*PROBLEM DESCRIPTION*:
Copy out again, unchanged, the listing below from the line that has "list \<Rightarrow> complex" through the line that has "k) \<cdot>\<^sub>m pauli_str".

*THE INPUT*:
_ _ _ _ _ _ _

(* Let $U\in\mathbb{U}_N$ and $\delta\ge0$. If at least a $2/3$ fraction of the vectors $\vec{x}\in\mathbb{Z}_4^n$ satisfy $D(U\sigma_{\vec{x}}U^\dagger,\mathcal{P}_n)\le\delta$, then $D(U\sigma_{\vec{y}}U^\dagger,\mathcal{P}_n)\le 2\delta$ for every $\vec{y}\in\mathbb{Z}_4^n$.
   Context: $n\ge1$, $N=2^n$, $\mathbb{U}_N$ the $N\times N$ unitaries. Pauli matrices $\sigma_0=I,\sigma_1=X,\sigma_2=Y,\sigma_3=Z$; for $\vec{x}\in\mathbb{Z}_4^n=\{0,1,2,3\}^n$, $\sigma_{\vec{x}}=\sigma_{x_1}\otimes\cdots\otimes\sigma_{x_n}$. Pauli group $\mathcal{P}_n=\{i^k\sigma_{\vec{x}}: k\in\{0,1,2,3\},\vec{x}\in\mathbb{Z}_4^n\}$. $\|A\|=\sqrt{\mathrm{tr}(A^\dagger A)}$; $D(A,B)=\min_{\theta\in[0,2\pi)}\frac{1}{\sqrt{2N}}\|e^{i\theta}A-B\|$; $D(A,\mathcal{S})=\inf_{B\in\mathcal{S}}D(A,B)$. *)

theory Defs
  imports Complex_Main "Jordan_Normal_Form.Matrix"
begin

definition adj :: "complex mat \<Rightarrow> complex mat" where
  "adj A = mat (dim_col A) (dim_row A) (\<lambda>(i,j). cnj (A $$ (j,i)))"

definition mtrace :: "complex mat \<Rightarrow> complex" where
  "mtrace A = (\<Sum>i<dim_row A. A $$ (i,i))"

definition unitary :: "nat \<Rightarrow> complex mat \<Rightarrow> bool" where
  "unitary N U \<longleftrightarrow> U \<in> carrier_mat N N \<and> adj U * U = 1\<^sub>m N \<and> U * adj U = 1\<^sub>m N"

definition kron :: "complex mat \<Rightarrow> complex mat \<Rightarrow> complex mat" where
  "kron A B = mat (dim_row A * dim_row B) (dim_col A * dim_col B)
     (\<lambda>(i,j). A $$ (i div dim_row B, j div dim_col B) * B $$ (i mod dim_row B, j mod dim_col B))"

(* single-qubit Pauli matrices sigma_0 = I, sigma_1 = X, sigma_2 = Y, sigma_3 = Z *)
definition pauli1 :: "nat \<Rightarrow> complex mat" where
  "pauli1 k = (if k = 0 then mat_of_rows_list 2 [[1, 0], [0, 1]]
     else if k = 1 then mat_of_rows_list 2 [[0, 1], [1, 0]]
     else if k = 2 then mat_of_rows_list 2 [[0, -\<i>], [\<i>, 0]]
     else mat_of_rows_list 2 [[1, 0], [0, -1]])"

(* Z_4^n as lists of length n with entries in {0,1,2,3} *)
definition pauli_idx :: "nat \<Rightarrow> nat list set" where
  "pauli_idx n = {xs. length xs = n \<and> set xs \<subseteq> {0..<4}}"

definition pauli_str :: "nat list \<Rightarrow> complex mat" where
  "pauli_str xs = foldr (\<lambda>k M. kron (pauli1 k) M) xs (1\<^sub>m 1)"

definition pauli_group :: "nat \<Rightarrow> complex mat set" where
  "pauli_group n = {(\<i> ^ k) \<cdot>\<^sub>m pauli_str xs | k xs. k \<in> {0..<4} \<and> xs \<in> pauli_idx n}"

definition fnorm :: "complex mat \<Rightarrow> real" where
  "fnorm A = sqrt (Re (mtrace (adj A * A)))"

definition phase_dist :: "complex mat \<Rightarrow> complex mat \<Rightarrow> real" where
  "phase_dist A B = (INF \<theta>\<in>{0..<2*pi}. fnorm (exp (\<i> * complex_of_real \<theta>) \<cdot>\<^sub>m A - B)
                                       / sqrt (2 * real (dim_row A)))"

definition set_dist :: "complex mat \<Rightarrow> complex mat set \<Rightarrow> real" where
  "set_dist A S = (INF B\<in>S. phase_dist A B)"

end

theory Submission
  imports Defs "HOL-Analysis.L2_Norm"
begin

unbundle bit_operations_syntax

text \<open>
  Write \<open>A\<^sub>x = U \<sigma>\<^sub>x U\<^sup>\<dagger>\<close> and call
  \<open>x \<in> \<int>\<^sub>4\<^sup>n\<close> good if \<open>D(A\<^sub>x, \<P>\<^sub>n) \<le> \<delta>\<close>.  Encoding \<open>I, X, Y, Z\<close> as \<open>0, 1, 2, 3\<close>, Pauli
  strings multiply qubitwise by XOR up to a power of \<open>\<i>\<close>: \<open>\<sigma>\<^sub>x \<sigma>\<^bsub>x \<oplus> y\<^esub> = \<i>\<^sup>k \<sigma>\<^sub>y\<close>.
  Hence \<open>A\<^sub>y = \<i>\<^sup>j A\<^sub>x A\<^bsub>x \<oplus> y\<^esub>\<close> for every \<open>x\<close>.  Since more than half of all \<open>x\<close> are good
  and \<open>x \<mapsto> x \<oplus> y\<close> is a bijection, some good \<open>x\<close> has good \<open>x \<oplus> y\<close>.  Finally
  \<open>D(c A B, \<P>\<^sub>n) \<le> D(A, \<P>\<^sub>n) + D(B, \<P>\<^sub>n)\<close> for unitary \<open>B\<close>, because \<open>\<P>\<^sub>n\<close> consists of
  unitaries closed under phase-twisted products and the Frobenius norm is unitarily invariant:
  \<open>X Y - P Q = (X - P) Y + P (Y - Q)\<close>.
\<close>

lemma adj_dim [simp]: "dim_row (adj A) = dim_col A" "dim_col (adj A) = dim_row A"
  by (auto simp: adj_def)

lemma adj_index [simp]: "i < dim_col A \<Longrightarrow> j < dim_row A \<Longrightarrow> adj A $$ (i,j) = cnj (A $$ (j,i))"
  by (auto simp: adj_def)

lemma adj_carrier [simp]: "A \<in> carrier_mat r c \<Longrightarrow> adj A \<in> carrier_mat c r"
  unfolding carrier_mat_def by simp

lemma adj_adj [simp]: "adj (adj A) = A"
  by (rule eq_matI) auto

lemma adj_one [simp]: "adj (1\<^sub>m n) = 1\<^sub>m n"
  by (rule eq_matI) auto

lemma adj_smult: "adj (c \<cdot>\<^sub>m A) = cnj c \<cdot>\<^sub>m adj A"
  by (rule eq_matI) auto

lemma row_col_sum: "A \<in> carrier_mat a b \<Longrightarrow> B \<in> carrier_mat b c \<Longrightarrow> i < a \<Longrightarrow> j < c \<Longrightarrow>
    row A i \<bullet> col B j = (\<Sum>k<b. A $$ (i,k) * B $$ (k,j))"
  by (auto simp: scalar_prod_def lessThan_atLeast0 intro!: sum.cong)

lemma mult_index: "A \<in> carrier_mat a b \<Longrightarrow> B \<in> carrier_mat b c \<Longrightarrow> i < a \<Longrightarrow> j < c \<Longrightarrow>
    (A * B) $$ (i,j) = (\<Sum>k<b. A $$ (i,k) * B $$ (k,j))"
  by (auto simp: scalar_prod_def lessThan_atLeast0 intro!: sum.cong)

lemma adj_mult:
  assumes "A \<in> carrier_mat a b" "B \<in> carrier_mat b c"
  shows "adj (A * B) = adj B * adj A"
proof (rule eq_matI)
  fix i j assume "i < dim_row (adj B * adj A)" "j < dim_col (adj B * adj A)"
  hence i: "i < c" and j: "j < a" using assms by auto
  have "adj (A * B) $$ (i,j) = cnj ((A * B) $$ (j,i))" using assms i j by simp
  also have "\<dots> = (\<Sum>k<b. cnj (A $$ (j,k)) * cnj (B $$ (k,i)))"
    using mult_index[OF assms j i] by simp
  also have "\<dots> = (adj B * adj A) $$ (i,j)"
    using assms i j by (subst mult_index[of _ c b _ a]) (auto simp: mult.commute)
  finally show "adj (A * B) $$ (i,j) = (adj B * adj A) $$ (i,j)" .
qed (use assms in auto)

lemma mtrace_comm:
  assumes "A \<in> carrier_mat a b" "B \<in> carrier_mat b a"
  shows "mtrace (A * B) = mtrace (B * A)"
proof -
  have "mtrace (A * B) = (\<Sum>i<a. \<Sum>k<b. A $$ (i,k) * B $$ (k,i))"
    unfolding mtrace_def using assms by (auto intro!: sum.cong simp: row_col_sum[OF assms])
  also have "\<dots> = (\<Sum>k<b. \<Sum>i<a. B $$ (k,i) * A $$ (i,k))"
    by (subst sum.swap) (simp add: mult.commute)
  also have "\<dots> = mtrace (B * A)"
    unfolding mtrace_def using assms by (auto intro!: sum.cong simp: row_col_sum[OF assms(2,1)])
  finally show ?thesis .
qed

lemma smult_smult_mat: "a \<cdot>\<^sub>m (b \<cdot>\<^sub>m A) = (a * b :: complex) \<cdot>\<^sub>m A"
  by (rule eq_matI) auto

lemma one_smult_mat [simp]: "(1::complex) \<cdot>\<^sub>m A = A"
  by (rule eq_matI) auto

lemma smult_mult_smult:
  assumes "A \<in> carrier_mat a b" "B \<in> carrier_mat b c"
  shows "(x \<cdot>\<^sub>m A) * (y \<cdot>\<^sub>m B) = (x * y) \<cdot>\<^sub>m (A * B :: complex mat)"
proof -
  have "(x \<cdot>\<^sub>m A) * (y \<cdot>\<^sub>m B) = x \<cdot>\<^sub>m (A * (y \<cdot>\<^sub>m B))"
    using assms by (intro mult_smult_assoc_mat) auto
  also have "A * (y \<cdot>\<^sub>m B) = y \<cdot>\<^sub>m (A * B)"
    by (rule mult_smult_distrib[OF assms])
  finally show ?thesis by (simp add: smult_smult_mat)
qed

section \<open>The Frobenius norm\<close>

text \<open>The Frobenius norm is the Euclidean norm of the family of entries; this gives
  nonnegativity, homogeneity and the triangle inequality for free.\<close>

lemma fnorm_eq_L2_set:
  assumes "A \<in> carrier_mat r c"
  shows "fnorm A = L2_set (\<lambda>(k,j). cmod (A $$ (k,j))) ({..<r} \<times> {..<c})"
proof -
  have "mtrace (adj A * A) = (\<Sum>j<c. \<Sum>k<r. adj A $$ (j,k) * A $$ (k,j))"
    unfolding mtrace_def using assms
    by (auto intro!: sum.cong simp: row_col_sum[OF adj_carrier[OF assms] assms])
  also have "\<dots> = (\<Sum>j<c. \<Sum>k<r. complex_of_real ((cmod (A $$ (k,j)))\<^sup>2))"
  proof (intro sum.cong refl)
    fix j k assume "j \<in> {..<c}" "k \<in> {..<r}"
    hence "adj A $$ (j,k) = cnj (A $$ (k,j))" using assms by simp
    thus "adj A $$ (j,k) * A $$ (k,j) = complex_of_real ((cmod (A $$ (k,j)))\<^sup>2)"
      by (simp only: complex_norm_square mult.commute)
  qed
  finally have "Re (mtrace (adj A * A)) = (\<Sum>j<c. \<Sum>k<r. (cmod (A $$ (k,j)))\<^sup>2)"
    by simp
  also have "\<dots> = (\<Sum>(k,j)\<in>{..<r} \<times> {..<c}. (cmod (A $$ (k,j)))\<^sup>2)"
    by (subst sum.swap) (simp add: sum.cartesian_product)
  finally show ?thesis
    unfolding fnorm_def L2_set_def by (simp add: case_prod_beta)
qed

lemma fnorm_nonneg: "fnorm A \<ge> 0"
  by (simp add: fnorm_eq_L2_set[OF carrier_mat_triv] L2_set_nonneg)

lemma fnorm_smult: "fnorm (c \<cdot>\<^sub>m A) = cmod c * fnorm A"
proof -
  let ?I = "{..<dim_row A} \<times> {..<dim_col A}"
  have "fnorm (c \<cdot>\<^sub>m A) = L2_set (\<lambda>(k,j). cmod ((c \<cdot>\<^sub>m A) $$ (k,j))) ?I"
    by (rule fnorm_eq_L2_set) auto
  also have "\<dots> = L2_set (\<lambda>x. cmod c * (\<lambda>(k,j). cmod (A $$ (k,j))) x) ?I"
    by (rule L2_set_cong) (auto simp: norm_mult)
  also have "\<dots> = cmod c * fnorm A"
    by (subst L2_set_right_distrib[symmetric]) (auto simp: fnorm_eq_L2_set[OF carrier_mat_triv])
  finally show ?thesis .
qed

_ _ _ _ _ _ _

*ANSWER TO THE EXERCISE*:
definition pauli_str :: "nat list \<Rightarrow> complex mat" where
  "pauli_str xs = foldr (\<lambda>k M. kron (pauli1 k) M) xs (1\<^sub>m 1)"

definition pauli_group :: "nat \<Rightarrow> complex mat set" where
  "pauli_group n = {(\<i> ^ k) \<cdot>\<^sub>m pauli_str xs | k xs. k \<in> {0..<4} \<and> xs \<in> pauli_idx n}"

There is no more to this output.